Stackless Coroutine uses operator() that's sigunature matchs the series of async operations CompletionToken signature.

However, async_write() and async_resolve have different CompletionToken signature.

What is the best way to write the stackless coroutine code with different CompletionToken signature ?

Environment

C++17 Boost 1.82.0

What I tried

I wrote resolve-connect-write code using several way. So far, std::any seems good but perhaps there would be better way.

Use std::any

It requires std::any_cast. If the type is mismatched, then exception is thrown. not bad.

#include <iostream>
#include <any>

#include <boost/asio.hpp>

#include <boost/asio/yield.hpp>

struct myapp {
    myapp(
        boost::asio::ip::tcp::resolver& res,
        boost::asio::ip::tcp::socket& sock
    ): res{res}, sock{sock}
    {}

    void operator()(
        boost::system::error_code const& ec = boost::system::error_code{},
        std::any second = std::any{}
    ) {
        reenter (coro) {
            // resolve
            yield res.async_resolve("localhost", "1883", *this);
            std::cout << "async_resolve:" << ec.message() << std::endl;
            if (ec) return;

            // connect
            yield {
                auto results = std::any_cast<boost::asio::ip::tcp::resolver::results_type>(second);
                boost::asio::async_connect(
                    sock,
                    results.begin(),
                    results.end(),
                    *this
                );
            }
            std::cout << "async_connect:" << ec.message() << std::endl;
            if (ec) return;

            // write
            yield {
                auto buf = std::make_shared<std::string>("hello");
                boost::asio::async_write(
                    sock,
                    boost::asio::buffer(*buf),
                    boost::asio::consign(
                        *this,
                        buf
                    )
                );
            }
            std::cout << "async_write:"
                      << ec.message()
                      << " bytes transferred:"
                      << std::any_cast<std::size_t>(second)
                      << std::endl;
        }
    }

    boost::asio::ip::tcp::resolver& res;
    boost::asio::ip::tcp::socket& sock;
    boost::asio::coroutine coro;
};

#include <boost/asio/unyield.hpp>

int main() {
    boost::asio::io_context ioc;
    boost::asio::ip::tcp::resolver res{ioc.get_executor()};
    boost::asio::ip::tcp::socket sock{ioc.get_executor()};
    myapp ma{res, sock};
    ma(); // start coroutine
    ioc.run();
}

Use template with if constexpr

No cast required.
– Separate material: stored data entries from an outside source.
(* Let $(H,+,\circ)$ be a commutative multiplicative hyperring with identity and let $P_1,\dots,P_n$ be prime strong $\mathcal{C}$-hyperideals of $H$ such that the intersection of any $n-1$ of the $P_i$'s is not equal to $P_1\cap\cdots\cap P_n$. Then $P_1\cap\cdots\cap P_n$ is an sdf-absorbing hyperideal of $H$ if and only if there is at most one $1\leq i\leq n$ such that $H/P_i$ is not of characteristic $2$.
   Context: A commutative multiplicative hyperring $(H,+,\circ)$ consists of an abelian group $(H,+)$ and an associative, commutative hyperoperation $\circ: H\times H\to P^*(H)$ with $x\circ(y+z)\subseteq x\circ y+x\circ z$ and $x\circ(-y)=-(x\circ y)=(-x)\circ y$. For subsets $A,B$, $A\circ B=\bigcup_{a\in A,b\in B}a\circ b$, $A\pm B=\{a\pm b\}$; $x^2=x\circ x$. Identity: $x\in x\circ 1$ for all $x$. A hyperideal is a nonempty $P$ with $x-y\in P$ and $r\circ x\subseteq P$ for $x,y\in P$, $r\in H$; it is prime if proper and $x\circ y\subseteq P$ implies $x\in P$ or $y\in P$. $H/P=\{x+P\}$ with coset addition and $(x+P)*(y+P)=\{z+P: z\in x\circ y\}$; characteristic $\alpha$ means $\alpha$ is the least positive integer with $\alpha u=0$ for all $u$. Let $\mathcal{C}=\{c_1\circ\cdots\circ c_n: c_i\in H\}$ and $\mathfrak{C}=\{\sum_{i=1}^m C_i: C_i\in\mathcal{C}\}$; $P$ is a strong $\mathcal{C}$-hyperideal if for every $D\in\mathfrak{C}$, $D\cap P\neq\varnothing$ implies $D\subseteq P$. A proper hyperideal $P$ is sdf-absorbing if whenever $0\neq x,y\in H$ and $x^2-y^2\subseteq P$, then $x-y\in P$ or $x+y\in P$. *)

theory Defs
  imports Main
begin

text \<open>A commutative multiplicative hyperring is rendered as an abelian group given by
  a type of class ab_group_add (the whole type is the carrier H) together with a
  hyperoperation m :: 'a => 'a => 'a set.\<close>

definition hmult :: "('a \<Rightarrow> 'a \<Rightarrow> 'a set) \<Rightarrow> 'a set \<Rightarrow> 'a set \<Rightarrow> 'a set" where
  "hmult m A B = (\<Union>a\<in>A. \<Union>b\<in>B. m a b)"

definition setplus :: "'a::ab_group_add set \<Rightarrow> 'a set \<Rightarrow> 'a set" where
  "setplus A B = {a + b | a b. a \<in> A \<and> b \<in> B}"

definition setminus :: "'a::ab_group_add set \<Rightarrow> 'a set \<Rightarrow> 'a set" where
  "setminus A B = {a - b | a b. a \<in> A \<and> b \<in> B}"

definition comm_mult_hyperring :: "('a::ab_group_add \<Rightarrow> 'a \<Rightarrow> 'a set) \<Rightarrow> bool" where
  "comm_mult_hyperring m \<longleftrightarrow>
     (\<forall>x y. m x y \<noteq> {}) \<and>
     (\<forall>x y z. hmult m (m x y) {z} = hmult m {x} (m y z)) \<and>
     (\<forall>x y. m x y = m y x) \<and>
     (\<forall>x y z. m x (y + z) \<subseteq> setplus (m x y) (m x z)) \<and>
     (\<forall>x y. m x (- y) = uminus ` (m x y) \<and> m (- x) y = uminus ` (m x y))"

definition has_identity :: "('a \<Rightarrow> 'a \<Rightarrow> 'a set) \<Rightarrow> bool" where
  "has_identity m \<longleftrightarrow> (\<exists>e. \<forall>x. x \<in> m x e)"

definition hyperideal :: "('a::ab_group_add \<Rightarrow> 'a \<Rightarrow> 'a set) \<Rightarrow> 'a set \<Rightarrow> bool" where
  "hyperideal m P \<longleftrightarrow> P \<noteq> {} \<and> (\<forall>x\<in>P. \<forall>y\<in>P. x - y \<in> P) \<and> (\<forall>r x. x \<in> P \<longrightarrow> m r x \<subseteq> P)"

definition prime_hyperideal :: "('a::ab_group_add \<Rightarrow> 'a \<Rightarrow> 'a set) \<Rightarrow> 'a set \<Rightarrow> bool" where
  "prime_hyperideal m P \<longleftrightarrow> hyperideal m P \<and> P \<noteq> UNIV \<and>
     (\<forall>x y. m x y \<subseteq> P \<longrightarrow> x \<in> P \<or> y \<in> P)"

fun hprod :: "('a \<Rightarrow> 'a \<Rightarrow> 'a set) \<Rightarrow> 'a list \<Rightarrow> 'a set" where
  "hprod m [] = {}"
| "hprod m [c] = {c}"
| "hprod m (c # cs) = hmult m {c} (hprod m cs)"

definition classC :: "('a \<Rightarrow> 'a \<Rightarrow> 'a set) \<Rightarrow> 'a set set" where
  "classC m = {hprod m cs | cs. cs \<noteq> []}"

fun setsum_list :: "'a::ab_group_add set list \<Rightarrow> 'a set" where
  "setsum_list [] = {}"
| "setsum_list [C] = C"
| "setsum_list (C # Cs) = setplus C (setsum_list Cs)"

definition classFrakC :: "('a::ab_group_add \<Rightarrow> 'a \<Rightarrow> 'a set) \<Rightarrow> 'a set set" where
  "classFrakC m = {setsum_list Cs | Cs. Cs \<noteq> [] \<and> set Cs \<subseteq> classC m}"

definition strong_C_hyperideal :: "('a::ab_group_add \<Rightarrow> 'a \<Rightarrow> 'a set) \<Rightarrow> 'a set \<Rightarrow> bool" where
  "strong_C_hyperideal m P \<longleftrightarrow> hyperideal m P \<and>
     (\<forall>D\<in>classFrakC m. D \<inter> P \<noteq> {} \<longrightarrow> D \<subseteq> P)"

definition sdf_absorbing :: "('a::ab_group_add \<Rightarrow> 'a \<Rightarrow> 'a set) \<Rightarrow> 'a set \<Rightarrow> bool" where
  "sdf_absorbing m P \<longleftrightarrow> hyperideal m P \<and> P \<noteq> UNIV \<and>
     (\<forall>x y. x \<noteq> 0 \<longrightarrow> y \<noteq> 0 \<longrightarrow> setminus (m x x) (m y y) \<subseteq> P \<longrightarrow> x - y \<in> P \<or> x + y \<in> P)"

text \<open>Characteristic of the quotient H/P: alpha (x+P) = (alpha x) + P is the zero coset P
  iff alpha x \<in> P; alpha x is the alpha-fold sum of x.\<close>
definition quot_char :: "'a::ab_group_add set \<Rightarrow> nat \<Rightarrow> bool" where
  "quot_char P \<alpha> \<longleftrightarrow> 0 < \<alpha> \<and> (\<forall>x. (\<Sum>i<\<alpha>. x) \<in> P) \<and>
     (\<forall>\<beta>. 0 < \<beta> \<and> \<beta> < \<alpha> \<longrightarrow> \<not> (\<forall>x. (\<Sum>i<\<beta>. x) \<in> P))"

end

theory Submission
  imports Defs
begin

text \<open>Modulo a strong \<open>\<C>\<close>-hyperideal \<open>Q\<close> every hyperproduct \<open>a \<circ> b\<close> lies in a single coset,
  so \<open>\<circ>\<close> induces a commutative distributive multiplication on \<open>H/Q\<close>. For a prime such \<open>Q\<close>
  this gives \<open>(x - y)(x + y) = x\<^sup>2 - y\<^sup>2\<close> in \<open>H/Q\<close>, hence every \<open>P\<^sub>i\<close> absorbs differences of squares;
  and if \<open>H/Q\<close> is not of characteristic 2 then doubling is injective on \<open>H/Q\<close>. If all but one
  \<open>H/P\<^sub>i\<close> have characteristic 2, the choice between \<open>x - y\<close> and \<open>x + y\<close> made by the exceptional
  \<open>P\<^sub>i\<close> works for all of them. Conversely, if \<open>H/P\<^sub>i\<close> and \<open>H/P\<^sub>j\<close> are not of characteristic 2,
  take \<open>a\<close> in all \<open>P\<^sub>k\<close> but \<open>P\<^sub>i\<close> and \<open>b\<close> in all but \<open>P\<^sub>j\<close>: then \<open>(a + b)\<^sup>2 - (a - b)\<^sup>2\<close> lies in the
  intersection, whereas neither \<open>2b\<close> nor \<open>2a\<close> does.\<close>

lemma hmult_commute: "comm_mult_hyperring m \<Longrightarrow> m x y = m y x"
  unfolding comm_mult_hyperring_def by simp

lemma hmult_nonempty: "comm_mult_hyperring m \<Longrightarrow> m x y \<noteq> {}"
  unfolding comm_mult_hyperring_def by simp

lemma hmult_uminus_left: "comm_mult_hyperring m \<Longrightarrow> m (- x) y = uminus ` m x y"
  unfolding comm_mult_hyperring_def by simp

lemma hmult_uminus_right: "comm_mult_hyperring m \<Longrightarrow> m x (- y) = uminus ` m x y"
  unfolding comm_mult_hyperring_def by simp

lemma hmult_uminus_uminus: "comm_mult_hyperring m \<Longrightarrow> m (- x) (- y) = m x y"
  by (simp add: hmult_uminus_left hmult_uminus_right image_image)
Template instantiated multiple times, but coro based switch case seems to work well.

#include <iostream>
#include <type_traits>

#include <boost/asio.hpp>

#include <boost/asio/yield.hpp>

struct myapp {
    myapp(
        boost::asio::ip::tcp::resolver& res,
        boost::asio::ip::tcp::socket& sock
    ): res{res}, sock{sock}
    {}

    template <typename Second = std::nullptr_t>
    void operator()(
        boost::system::error_code const& ec = boost::system::error_code{},
        Second&& second = nullptr
    ) {
        reenter (coro) {
            // resolve
            yield res.async_resolve("localhost", "1883", *this);
            std::cout << "async_resolve:" << ec.message() << std::endl;
            if (ec) return;

            // connect
            yield {
                if constexpr(
                    std::is_same_v<std::decay_t<Second>, boost::asio::ip::tcp::resolver::results_type>
                ) {
                    boost::asio::async_connect(
                        sock,
                        second.begin(),
                        second.end(),
                        *this
                    );
                }
            }
            std::cout << "async_connect:" << ec.message() << std::endl;
            if (ec) return;

            // write
            yield {
                auto buf = std::make_shared<std::string>("hello");
                boost::asio::async_write(
                    sock,
                    boost::asio::buffer(*buf),
                    boost::asio::consign(
                        *this,
                        buf
                    )
                );
            }
            if constexpr(
                std::is_same_v<std::decay_t<Second>, std::size_t>
            ) {
            std::cout << "async_write:"
                      << ec.message()
                      << " bytes transferred:"
                      << std::any_cast<std::size_t>(second)
                      << std::endl;
            }
        }
    }

    boost::asio::ip::tcp::resolver& res;
    boost::asio::ip::tcp::socket& sock;
    boost::asio::coroutine coro;
};

#include <boost/asio/unyield.hpp>

int main() {
    boost::asio::io_context ioc;
    boost::asio::ip::tcp::resolver res{ioc.get_executor()};
    boost::asio::ip::tcp::socket sock{ioc.get_executor()};
    myapp ma{res, sock};
    ma(); // start coroutine
    ioc.run();
}

Prepare multiple operator()()

One of the big advantage of stackless coroutine is continuous code. This approach lose the advantage so I don't choose it.

Answer 1

IMHO the correct answer is to have multiple overloads of operator(), which you dismiss out of hand. (rationale below¹)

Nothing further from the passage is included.